(Collected data entries)
lemma tail_measure_less:
  fixes Y :: "'a \<Rightarrow> real"
  assumes [measurable]: "Y \<in> borel_measurable M" and "e > 0"
  obtains R where "measure M (Y -` {x. R < \<bar>x\<bar>} \<inter> space M) < e"
proof -
  define D where "D n = Y -` {x. real n < \<bar>x\<bar>} \<inter> space M" for n :: nat
  have "(\<lambda>n. measure M (D n)) \<longlonglongrightarrow> measure M (\<Inter>n. D n)"
    by (rule Lim_measure_decseq) (auto simp: D_def decseq_def)
  moreover have "(\<Inter>n. D n) = {}"
  proof safe
    fix \<omega> assume "\<omega> \<in> (\<Inter>n. D n)"
    moreover obtain n :: nat where "\<bar>Y \<omega>\<bar> < real n"
      using reals_Archimedean2 by blast
    ultimately show "\<omega> \<in> {}"
      by (auto simp: D_def dest!: spec[of _ n])
  qed
  ultimately have "eventually (\<lambda>n. measure M (D n) < e) sequentially"
    using \<open>e > 0\<close> by (intro order_tendstoD(2)) auto
  then obtain n where "measure M (D n) < e"
    by (auto simp: eventually_sequentially)
  then show ?thesis
    using that[of "real n"] by (simp add: D_def)
qed

end

lemma mixdens_le:
  assumes "in_Psi_m m \<alpha>" and "\<sigma> > 0" and f0_le: "\<And>x. f0 x \<le> v"
  shows "mixdens f0 m \<alpha> \<mu> \<sigma> x \<le> v / \<sigma>"
proof -
  have "mixdens f0 m \<alpha> \<mu> \<sigma> x \<le> (\<Sum>j=1..m. \<alpha> j * (v / \<sigma>))"
    unfolding mixdens_def
  proof (rule sum_mono)
    fix j assume "j \<in> {1..m}"
    then have "\<alpha> j \<ge> 0"
      using assms(1) by (simp add: in_Psi_m_def)
    moreover have "locscale f0 x (\<mu> j) \<sigma> \<le> v / \<sigma>"
      unfolding locscale_def using f0_le \<open>\<sigma> > 0\<close> by (simp add: divide_right_mono)
    ultimately show "\<alpha> j * locscale f0 x (\<mu> j) \<sigma> \<le> \<alpha> j * (v / \<sigma>)"
      by (metis mult_left_mono)
  qed
  also have "\<dots> = v / \<sigma>"
    using assms(1) by (simp only: sum_distrib_right[symmetric]) (simp add: in_Psi_m_def)
  finally show ?thesis .
qed

lemma ball_subset_grid_interval:
  fixes h \<delta> \<mu> :: real
  assumes "h > 0"
  shows "{x. \<bar>x - \<mu>\<bar> < \<delta>} \<subseteq> {\<lfloor>\<mu> / h\<rfloor> * h - \<delta> .. \<lfloor>\<mu> / h\<rfloor> * h + h + \<delta>}"
proof -
  have "\<lfloor>\<mu> / h\<rfloor> * h \<le> \<mu>"
    using floor_divide_lower[OF assms] .
  moreover have "\<mu> < \<lfloor>\<mu> / h\<rfloor> * h + h"
    using floor_divide_upper[OF assms, of \<mu>] by (simp add: algebra_simps)
  ultimately show ?thesis
    by (auto simp: abs_less_iff)
qed

lemma floor_divide_in_bounded_range:
  fixes h r \<mu> :: real
  assumes "h > 0" and "\<bar>\<mu>\<bar> < r"
  shows "\<lfloor>\<mu> / h\<rfloor> \<in> {-\<lceil>r / h\<rceil>..\<lceil>r / h\<rceil>}"
proof -
  have "\<bar>\<mu> / h\<bar> < r / h"
    unfolding abs_div_pos[OF assms(1), symmetric] using divide_strict_right_mono[OF assms(2,1)] .
  then have "\<lfloor>-(r / h)\<rfloor> \<le> \<lfloor>\<mu> / h\<rfloor>" and "\<lfloor>\<mu> / h\<rfloor> \<le> \<lfloor>r / h\<rfloor>"
    by (intro floor_mono; linarith)+
  moreover have "\<lfloor>-(r / h)\<rfloor> = -\<lceil>r / h\<rceil>"
    by (simp add: ceiling_def)
  ultimately show ?thesis
    by (auto intro: order.trans[OF _ floor_le_ceiling])
qed

lemma (in prob_space) AE_eventually_window_count_le:
  fixes X :: "nat \<Rightarrow> 'a \<Rightarrow> real"
  assumes ind: "indep_vars (\<lambda>_. borel) X UNIV"
    and dist: "\<And>i. distributed M lborel (X i) (\<lambda>x. ennreal (g x))"
    and g_le: "\<And>x. g x \<le> q" and "q \<ge> 0" and "\<delta> > 0" and "2 * \<delta> * q < c"
  shows "AE \<omega> in M. \<exists>n0. \<forall>n\<ge>n0.
           (SUP \<mu>. real (card {i\<in>{1..n}. \<bar>X i \<omega> - \<mu>\<bar> < \<delta>})) \<le> real n * c"
proof -
  have [measurable]: "X i \<in> borel_measurable M" for i
    using ind unfolding indep_vars_def by auto
  define h where "h = (c - 2 * \<delta> * q) / (2 * (q + 1))"
  have "h > 0"
    using assms(4-6) by (simp add: h_def)
  have "q * h \<le> (c - 2 * \<delta> * q) / 2"
    unfolding h_def using assms(4-6) by (simp add: field_simps)
  then have "q * (2 * \<delta> + h) < c"
    using assms(6) by (simp add: algebra_simps)
  have "c > 0"
    using assms(4-6) mult_nonneg_nonneg[of "2 * \<delta>" q] by linarith
  then obtain R where R: "measure M (X 0 -` {x. R < \<bar>x\<bar>} \<inter> space M) < c"
    using tail_measure_less[of "X 0" c] by auto
  define J where "J k = {real_of_int k * h - \<delta> .. real_of_int k * h + h + \<delta>}" for k :: int
  define K where "K = {-\<lceil>(R + \<delta>) / h\<rceil>..\<lceil>(R + \<delta>) / h\<rceil>}"
  define \<S> where "\<S> = insert {x. R < \<bar>x\<bar>} (J ` K)"
  have "finite \<S>"
    by (simp add: \<S>_def K_def)
  have covered: "\<exists>S\<in>\<S>. {x. \<bar>x - \<mu>\<bar> < \<delta>} \<subseteq> S" for \<mu>
  proof (cases "\<bar>\<mu>\<bar> < R + \<delta>")
    case True
    then have "J \<lfloor>\<mu> / h\<rfloor> \<in> \<S>"
      using floor_divide_in_bounded_range[OF \<open>h > 0\<close> True] by (simp add: \<S>_def K_def)
    then show ?thesis
      using ball_subset_grid_interval[OF \<open>h > 0\<close>] by (auto simp: J_def)
  qed (auto simp: \<S>_def)
  have "AE \<omega> in M. \<forall>S\<in>\<S>. eventually
          (\<lambda>n. real (card {i\<in>{1..n}. X i \<omega> \<in> S}) \<le> real n * c) sequentially"
  proof (rule AE_finite_allI[OF \<open>finite \<S>\<close>])
    fix S assume "S \<in> \<S>"
    then consider k where "S = J k" | "S = {x. R < \<bar>x\<bar>}"
      by (auto simp: \<S>_def)
    then show "AE \<omega> in M. eventually
          (\<lambda>n. real (card {i\<in>{1..n}. X i \<omega> \<in> S}) \<le> real n * c) sequentially"
    proof cases
      case 1
      have prob_le: "measure M (X i -` S \<inter> space M) \<le> q * (2 * \<delta> + h)" for i
        using distributed_interval_le[OF dist g_le \<open>q \<ge> 0\<close>,
          of "real_of_int k * h - \<delta>" "real_of_int k * h + h + \<delta>"] \<open>h > 0\<close> \<open>\<delta> > 0\<close>
        by (simp add: 1 J_def algebra_simps)
      show ?thesis
        by (intro AE_eventually_card_le[OF ind _ prob_le \<open>q * (2 * \<delta> + h) < c\<close>]) (simp add: 1 J_def)
    next
      case 2
      have "S \<in> sets borel"
        unfolding 2 by measurable
      then have prob_le: "measure M (X i -` S \<inter> space M) \<le> measure M (X 0 -` S \<inter> space M)" for i
        using distributed_measure_eq[OF dist dist, of S i 0] by simp
      show ?thesis
        by (intro AE_eventually_card_le[OF ind _ prob_le R[folded 2]]) (simp add: 2)
    qed
  qed
  then show ?thesis
  proof (rule AE_mp, intro AE_I2 impI)
    fix \<omega>
    assume "\<forall>S\<in>\<S>. eventually (\<lambda>n. real (card {i\<in>{1..n}. X i \<omega> \<in> S}) \<le> real n * c) sequentially"
    then have "eventually (\<lambda>n. \<forall>S\<in>\<S>. real (card {i\<in>{1..n}. X i \<omega> \<in> S}) \<le> real n * c) sequentially"
      using \<open>finite \<S>\<close> by (simp add: eventually_ball_finite)
    then obtain n0 where n0: "\<And>n S. n \<ge> n0 \<Longrightarrow> S \<in> \<S> \<Longrightarrow> real (card {i\<in>{1..n}. X i \<omega> \<in> S}) \<le> real n * c"
      by (auto simp: eventually_sequentially)
    have "(SUP \<mu>. real (card {i\<in>{1..n}. \<bar>X i \<omega> - \<mu>\<bar> < \<delta>})) \<le> real n * c" if "n \<ge> n0" for n
    proof (rule cSUP_least)
      fix \<mu>
      obtain S where "S \<in> \<S>" and "{x. \<bar>x - \<mu>\<bar> < \<delta>} \<subseteq> S"
        using covered by blast
      then have "card {i\<in>{1..n}. \<bar>X i \<omega> - \<mu>\<bar> < \<delta>} \<le> card {i\<in>{1..n}. X i \<omega> \<in> S}"
        by (intro card_mono) auto
      then show "real (card {i\<in>{1..n}. \<bar>X i \<omega> - \<mu>\<bar> < \<delta>}) \<le> real n * c"
        using n0[OF that \<open>S \<in> \<S>\<close>] by linarith
    qed simp
    then show "\<exists>n0. \<forall>n\<ge>n0. (SUP \<mu>. real (card {i\<in>{1..n}. \<bar>X i \<omega> - \<mu>\<bar> < \<delta>})) \<le> real n * c"
      by blast
  qed
qed
(* Read's space $\mathcal R=(c_0,|||\cdot|||)$ is weakly locally uniformly rotund: for every $x$ with $|||x|||=1$ and every sequence $(x_n)$ with $|||x_n|||=1$ and $|||x+x_n|||\to 2$, the sequence $(x_n)$ converges weakly to $x$.
   Context: Let $c_{00}(\mathbb Q)$ be the set of finitely supported sequences with rational coefficients, and let $(u_n)_{n\in\mathbb N}$ be a sequence in $c_{00}(\mathbb Q)$ which lists every element of $c_{00}(\mathbb Q)$ infinitely many times. Let $(a_n)_{n\in\mathbb N}$ be a strictly increasing sequence of positive integers with $a_n>\max\operatorname{supp} u_n$ and $a_n>\|u_n\|_1$ for every $n$. $(e_n)$ denotes the canonical unit vectors and $\langle x,y\rangle=\sum_n x_ny_n$. Read's norm on $c_0$ is $|||x||| = \|x\|_\infty + \sum_{n} 2^{-a_n^2}|\langle x, u_n - e_{a_n}\rangle|$, and Read's space is $\mathcal R=(c_0,|||\cdot|||)$ (real scalars). *)

theory Defs
  imports "HOL-Analysis.Analysis"
begin

definition c0 :: "(nat \<Rightarrow> real) set" where
  "c0 = {x. x \<longlonglongrightarrow> 0}"

definition c00Q :: "(nat \<Rightarrow> rat) set" where
  "c00Q = {v. finite {k. v k \<noteq> 0}}"

definition l1norm_rat :: "(nat \<Rightarrow> rat) \<Rightarrow> real" where
  "l1norm_rat v = (\<Sum>k\<in>{k. v k \<noteq> 0}. \<bar>real_of_rat (v k)\<bar>)"

text \<open>Standing assumptions on the parameters (u_n) and (a_n) of Read's norm.
  The condition a_n > max supp u_n is written as: every k in the support of u_n
  is below a_n.\<close>
definition read_params :: "(nat \<Rightarrow> nat \<Rightarrow> rat) \<Rightarrow> (nat \<Rightarrow> nat) \<Rightarrow> bool" where
  "read_params u a \<longleftrightarrow>
     (\<forall>n. u n \<in> c00Q) \<and>
     (\<forall>v\<in>c00Q. infinite {n. u n = v}) \<and>
     strict_mono a \<and> (\<forall>n. 0 < a n) \<and>
     (\<forall>n k. u n k \<noteq> 0 \<longrightarrow> k < a n) \<and>
     (\<forall>n. l1norm_rat (u n) < real (a n))"

text \<open>The pairing <x, u_n - e_(a_n)>; the summand vanishes for k > a_n.\<close>
definition read_pair :: "(nat \<Rightarrow> nat \<Rightarrow> rat) \<Rightarrow> (nat \<Rightarrow> nat) \<Rightarrow> nat \<Rightarrow> (nat \<Rightarrow> real) \<Rightarrow> real" where
  "read_pair u a n x =
     (\<Sum>k\<le>a n. x k * (real_of_rat (u n k) - (if k = a n then 1 else 0)))"

definition sup_norm :: "(nat \<Rightarrow> real) \<Rightarrow> real" where
  "sup_norm x = (SUP k. \<bar>x k\<bar>)"

definition read_norm :: "(nat \<Rightarrow> nat \<Rightarrow> rat) \<Rightarrow> (nat \<Rightarrow> nat) \<Rightarrow> (nat \<Rightarrow> real) \<Rightarrow> real" where
  "read_norm u a x = sup_norm x +
     (\<Sum>n. (1/2) ^ ((a n)\<^sup>2) * \<bar>read_pair u a n x\<bar>)"

definition read_dual :: "(nat \<Rightarrow> nat \<Rightarrow> rat) \<Rightarrow> (nat \<Rightarrow> nat) \<Rightarrow> ((nat \<Rightarrow> real) \<Rightarrow> real) set" where
  "read_dual u a = {f.
     (\<forall>y\<in>c0. \<forall>z\<in>c0. f (\<lambda>k. y k + z k) = f y + f z) \<and>
     (\<forall>c. \<forall>y\<in>c0. f (\<lambda>k. c * y k) = c * f y) \<and>
     (\<exists>C. \<forall>y\<in>c0. \<bar>f y\<bar> \<le> C * read_norm u a y)}"

definition read_weakly_conv :: "(nat \<Rightarrow> nat \<Rightarrow> rat) \<Rightarrow> (nat \<Rightarrow> nat) \<Rightarrow> (nat \<Rightarrow> nat \<Rightarrow> real) \<Rightarrow> (nat \<Rightarrow> real) \<Rightarrow> bool" where
  "read_weakly_conv u a xs x \<longleftrightarrow>
     (\<forall>f\<in>read_dual u a. (\<lambda>n. f (xs n)) \<longlonglongrightarrow> f x)"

• [Instructions to follow]: What is the count of lines in the data above containing the string "fixes"? Write the number and nothing else.

• [Solved problem]: 4